What is expected: If a line of the material holds the string "moreover", it counts; report the number of such lines alone.

--- Record excerpts ---

lemma depth_edge:
  assumes uw: "(u, w) \<in> E"
  shows "depth E rt w = Suc (depth E rt u)"
proof -
  have "(rt, u) \<in> E\<^sup>*" using tree edge_in_vertices[OF uw] unfolding rooted_tree_def by blast
  then obtain n where "(rt, u) \<in> E ^^ n" using rtrancl_power by blast
  hence "(rt, u) \<in> E ^^ depth E rt u" unfolding depth_def by (rule LeastI)
  hence "(rt, w) \<in> E ^^ Suc (depth E rt u)" using uw by auto
  hence le: "depth E rt w \<le> Suc (depth E rt u)" unfolding depth_def by (rule Least_le)
  have dw: "(rt, w) \<in> E ^^ depth E rt w" unfolding depth_def by (rule LeastI) fact
  have "w \<noteq> rt" using tree uw unfolding rooted_tree_def by blast
  then obtain m where m: "depth E rt w = Suc m" using dw by (cases "depth E rt w") auto
  with dw obtain p where "(rt, p) \<in> E ^^ m" and "(p, w) \<in> E" by auto
  hence "(rt, u) \<in> E ^^ m" using parent_unique[OF uw] by blast
  hence "depth E rt u \<le> m" unfolding depth_def by (rule Least_le)
  thus ?thesis using le m by simp
qed

lemma depth_less: "(u, w) \<in> E\<^sup>+ \<Longrightarrow> depth E rt u < depth E rt w"
  by (induction rule: trancl_induct) (simp_all add: depth_edge)

lemma acyclic_tree: "acyclic E"
  unfolding acyclic_def using depth_less by blast

lemma ancestor_antisym: "(u, w) \<in> E\<^sup>* \<Longrightarrow> (w, u) \<in> E\<^sup>* \<Longrightarrow> u = w"
  using acyclic_tree unfolding acyclic_def
  by (metis rtrancl_eq_or_trancl rtrancl_trancl_trancl)

lemma ancestors_linear:
  assumes "(a, x) \<in> E\<^sup>*" "(b, x) \<in> E\<^sup>*"
  shows "(a, b) \<in> E\<^sup>* \<or> (b, a) \<in> E\<^sup>*"
  using assms(2,1)
proof (induction arbitrary: a rule: rtrancl_induct)
  case base
  thus ?case by simp
next
  case (step y z)
  show ?case
  proof (cases "a = z")
    case True
    thus ?thesis using step.hyps by (meson rtrancl.rtrancl_into_rtrancl)
  next
    case False
    then obtain p where "(a, p) \<in> E\<^sup>*" "(p, z) \<in> E" using step.prems by (meson rtranclE)
    thus ?thesis using step parent_unique by blast
  qed
qed

lemma children_below_unique:
  assumes "(v, c) \<in> E" "(v, c') \<in> E" "(c, a) \<in> E\<^sup>*" "(c', a) \<in> E\<^sup>*"
  shows "c = c'"
proof (rule ccontr)
  assume "c \<noteq> c'"
  hence "(c, c') \<in> E\<^sup>+ \<or> (c', c) \<in> E\<^sup>+"
    using ancestors_linear[OF assms(3,4)] by (auto simp: rtrancl_eq_or_trancl)
  moreover have "depth E rt c = depth E rt c'" using depth_edge assms(1,2) by simp
  ultimately show False using depth_less by fastforce
qed

lemma descendant_child:
  assumes "(v, u) \<in> E\<^sup>*" "u \<noteq> v"
  obtains c where "(v, c) \<in> E" "(c, u) \<in> E\<^sup>*"
proof -
  have "(v, u) \<in> E\<^sup>+" using assms by (simp add: rtrancl_eq_or_trancl)
  thus thesis using that by (blast dest: tranclD)
qed

lemma lca_eqI:
  assumes "w \<in> V" "\<forall>a\<in>A. anc_le E a w" "\<forall>u\<in>V. (\<forall>a\<in>A. anc_le E a u) \<longrightarrow> anc_le E w u"
  shows "lca V E A = w"
  unfolding lca_def
proof (rule the_equality)
  fix w'
  assume "w' \<in> V \<and> (\<forall>a\<in>A. anc_le E a w') \<and> (\<forall>u\<in>V. (\<forall>a\<in>A. anc_le E a u) \<longrightarrow> anc_le E w' u)"
  thus "w' = w"
    using assms ancestor_antisym unfolding anc_le_def by blast
qed (use assms in blast)

lemma lca_exists:
  assumes "A \<subseteq> V" "A \<noteq> {}"
  shows "\<exists>w\<in>V. (\<forall>a\<in>A. anc_le E a w) \<and> (\<forall>u\<in>V. (\<forall>a\<in>A. anc_le E a u) \<longrightarrow> anc_le E w u)"
proof -
  define CA where "CA = {u\<in>V. \<forall>a\<in>A. (u, a) \<in> E\<^sup>*}"
  have fin: "finite CA" using tree unfolding CA_def rooted_tree_def by auto
  have "rt \<in> CA" using tree assms unfolding CA_def rooted_tree_def by blast
  hence "depth E rt ` CA \<noteq> {}" by blast
  hence "Max (depth E rt ` CA) \<in> depth E rt ` CA" using fin by simp
  then obtain w where wC: "w \<in> CA" and wmax_eq: "depth E rt w = Max (depth E rt ` CA)" by auto
  have wmax: "\<forall>u\<in>CA. depth E rt u \<le> depth E rt w" unfolding wmax_eq using fin by simp
  obtain a0 where a0: "a0 \<in> A" using assms by blast
  have "anc_le E w u" if uV: "u \<in> V" and ua: "\<forall>a\<in>A. anc_le E a u" for u
  proof -
    have uC: "u \<in> CA" using uV ua unfolding CA_def anc_le_def by blast
    have "(u, w) \<in> E\<^sup>* \<or> (w, u) \<in> E\<^sup>*"
      using ancestors_linear uC wC a0 unfolding CA_def by blast
    moreover have "(w, u) \<notin> E\<^sup>+"
      using depth_less wmax uC by fastforce
    ultimately show ?thesis unfolding anc_le_def by (auto simp: rtrancl_eq_or_trancl)
  qed
  thus ?thesis using wC unfolding CA_def anc_le_def by blast
qed

lemma lca_props:
  assumes "A \<subseteq> V" "A \<noteq> {}"
  shows "lca V E A \<in> V" "\<forall>a\<in>A. anc_le E a (lca V E A)"
    "\<forall>u\<in>V. (\<forall>a\<in>A. anc_le E a u) \<longrightarrow> anc_le E (lca V E A) u"
  using lca_exists[OF assms] lca_eqI by metis+

lemma lca_not_below_child:
  assumes "A \<subseteq> V" "A \<noteq> {}" "(lca V E A, c) \<in> E"
  shows "\<not> (\<forall>a\<in>A. (c, a) \<in> E\<^sup>*)"
proof
  assume "\<forall>a\<in>A. (c, a) \<in> E\<^sup>*"
  hence "(c, lca V E A) \<in> E\<^sup>*"
    using lca_props[OF assms(1,2)] edge_in_vertices[OF assms(3)] unfolding anc_le_def by blast
  thus False using assms(3) acyclic_tree unfolding acyclic_def by (meson rtrancl_into_trancl2)
qed

lemma leaf_no_descendant: "a \<in> leaves V E rt \<Longrightarrow> (a, b) \<in> E\<^sup>* \<Longrightarrow> b = a"
  unfolding leaves_def children_def by (auto elim: converse_rtranclE)

lemma leaf_below_child_of_lca:
  assumes "A \<subseteq> leaves V E rt" "a \<in> A" "b \<in> A" "b \<noteq> a"
  obtains c where "(lca V E A, c) \<in> E" "(c, a) \<in> E\<^sup>*"
proof -
  have "A \<subseteq> V" using assms(1) unfolding leaves_def by auto
  hence "(lca V E A, a) \<in> E\<^sup>*" "(lca V E A, b) \<in> E\<^sup>*"
    using lca_props(2) assms(2,3) unfolding anc_le_def by blast+
  hence "lca V E A \<noteq> a" using leaf_no_descendant assms by blast
  thus ?thesis using that descendant_child \<open>(lca V E A, a) \<in> E\<^sup>*\<close> by blast
qed

lemma children_of_lca_above_leaves:
  assumes in_leaves: "set xs \<subseteq> leaves V E rt" and "distinct xs" "2 \<le> length xs"
  obtains c where "\<forall>i<length xs. (lca V E (set xs), c i) \<in> E \<and> (c i, xs ! i) \<in> E\<^sup>*"
    and "\<not> (\<forall>i<length xs. c i = c 0)"
proof -
  have len: "0 < length xs" "1 < length xs" using assms(3) by auto
  have "xs ! 0 \<noteq> xs ! 1" using assms(2) len by (simp add: nth_eq_iff_index_eq)
  hence other: "\<exists>b\<in>set xs. b \<noteq> a" for a
    using nth_mem[OF len(1)] nth_mem[OF len(2)] by metis
  have "\<exists>c. (lca V E (set xs), c) \<in> E \<and> (c, xs ! i) \<in> E\<^sup>*" if "i < length xs" for i
    using leaf_below_child_of_lca[OF in_leaves nth_mem[OF that]] other by blast
  then obtain c where c: "\<forall>i<length xs. (lca V E (set xs), c i) \<in> E \<and> (c i, xs ! i) \<in> E\<^sup>*"
    by metis
  have "set xs \<subseteq> V" "set xs \<noteq> {}" using in_leaves len unfolding leaves_def by auto
  moreover have "(lca V E (set xs), c 0) \<in> E" using c len(1) by blast
  ultimately have not_below_c0: "\<not> (\<forall>a\<in>set xs. (c 0, a) \<in> E\<^sup>*)"
    by (rule lca_not_below_child)
  have "\<not> (\<forall>i<length xs. c i = c 0)"
  proof
    assume "\<forall>i<length xs. c i = c 0"
    hence "\<forall>a\<in>set xs. (c 0, a) \<in> E\<^sup>*" using c by (metis in_set_conv_nth)
    thus False using not_below_c0 by contradiction
  qed
  with c show thesis by (rule that)
qed

lemma lca_of_siblings:
  assumes "(v, ca) \<in> E" "(v, cb) \<in> E" "ca \<noteq> cb" "(ca, a) \<in> E\<^sup>*" "(cb, b) \<in> E\<^sup>*"
  shows "lca V E {a, b} = v"
proof (rule lca_eqI)
  show "v \<in> V" using edge_in_vertices assms(1) by blast
  have va: "(v, a) \<in> E\<^sup>*" and vb: "(v, b) \<in> E\<^sup>*"
    using assms by (meson converse_rtrancl_into_rtrancl)+
  thus "\<forall>x\<in>{a, b}. anc_le E x v" unfolding anc_le_def by blast
  show "\<forall>u\<in>V. (\<forall>x\<in>{a, b}. anc_le E x u) \<longrightarrow> anc_le E v u"
  proof (intro ballI impI)
    fix u
    assume "\<forall>x\<in>{a, b}. anc_le E x u"
    hence ua: "(u, a) \<in> E\<^sup>*" and ub: "(u, b) \<in> E\<^sup>*" unfolding anc_le_def by auto
    show "anc_le E v u"
    proof (rule ccontr)
      assume "\<not> anc_le E v u"
      hence "(v, u) \<in> E\<^sup>*" "u \<noteq> v" using ancestors_linear[OF va ua] unfolding anc_le_def by auto
      then obtain c where "(v, c) \<in> E" "(c, u) \<in> E\<^sup>*" by (rule descendant_child)
      hence "c = ca" and "c = cb"
        using children_below_unique assms ua ub by (meson rtrancl_trans)+
      thus False using assms(3) by simp
    qed
  qed
qed

lemma best_match_sibling_lacks_color:
  assumes "(v, ca) \<in> E" "(v, cb) \<in> E" "ca \<noteq> cb" "(ca, a) \<in> E\<^sup>*" "(cb, b) \<in> E\<^sup>*"
    and in_leaves: "a \<in> leaves V E rt" and bm: "best_match V E rt \<sigma> a b"
  shows "\<sigma> b \<notin> subtree_colors V E rt \<sigma> ca"
proof
  assume "\<sigma> b \<in> subtree_colors V E rt \<sigma> ca"
  then obtain y where yL: "y \<in> leaves V E rt" and ys: "\<sigma> y = \<sigma> b" and cy: "(ca, y) \<in> E\<^sup>*"
    unfolding subtree_colors_def by force
  have ay: "{a, y} \<subseteq> V" "{a, y} \<noteq> {}" using in_leaves yL unfolding leaves_def by auto
  have "anc_le E (lca V E {a, y}) ca"
    using lca_props(3)[OF ay] edge_in_vertices[OF assms(1)] assms(4) cy
    unfolding anc_le_def by blast
  moreover have "anc_le E v (lca V E {a, y})"
    using bm yL ys lca_of_siblings[OF assms(1-5)] unfolding best_match_def by auto
  ultimately have "(ca, v) \<in> E\<^sup>*" unfolding anc_le_def by (rule rtrancl_trans)
  hence "(v, v) \<in> E\<^sup>+" by (rule rtrancl_into_trancl2[OF assms(1)])
  thus False using acyclic_tree unfolding acyclic_def by blast
qed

---

Answer below: 4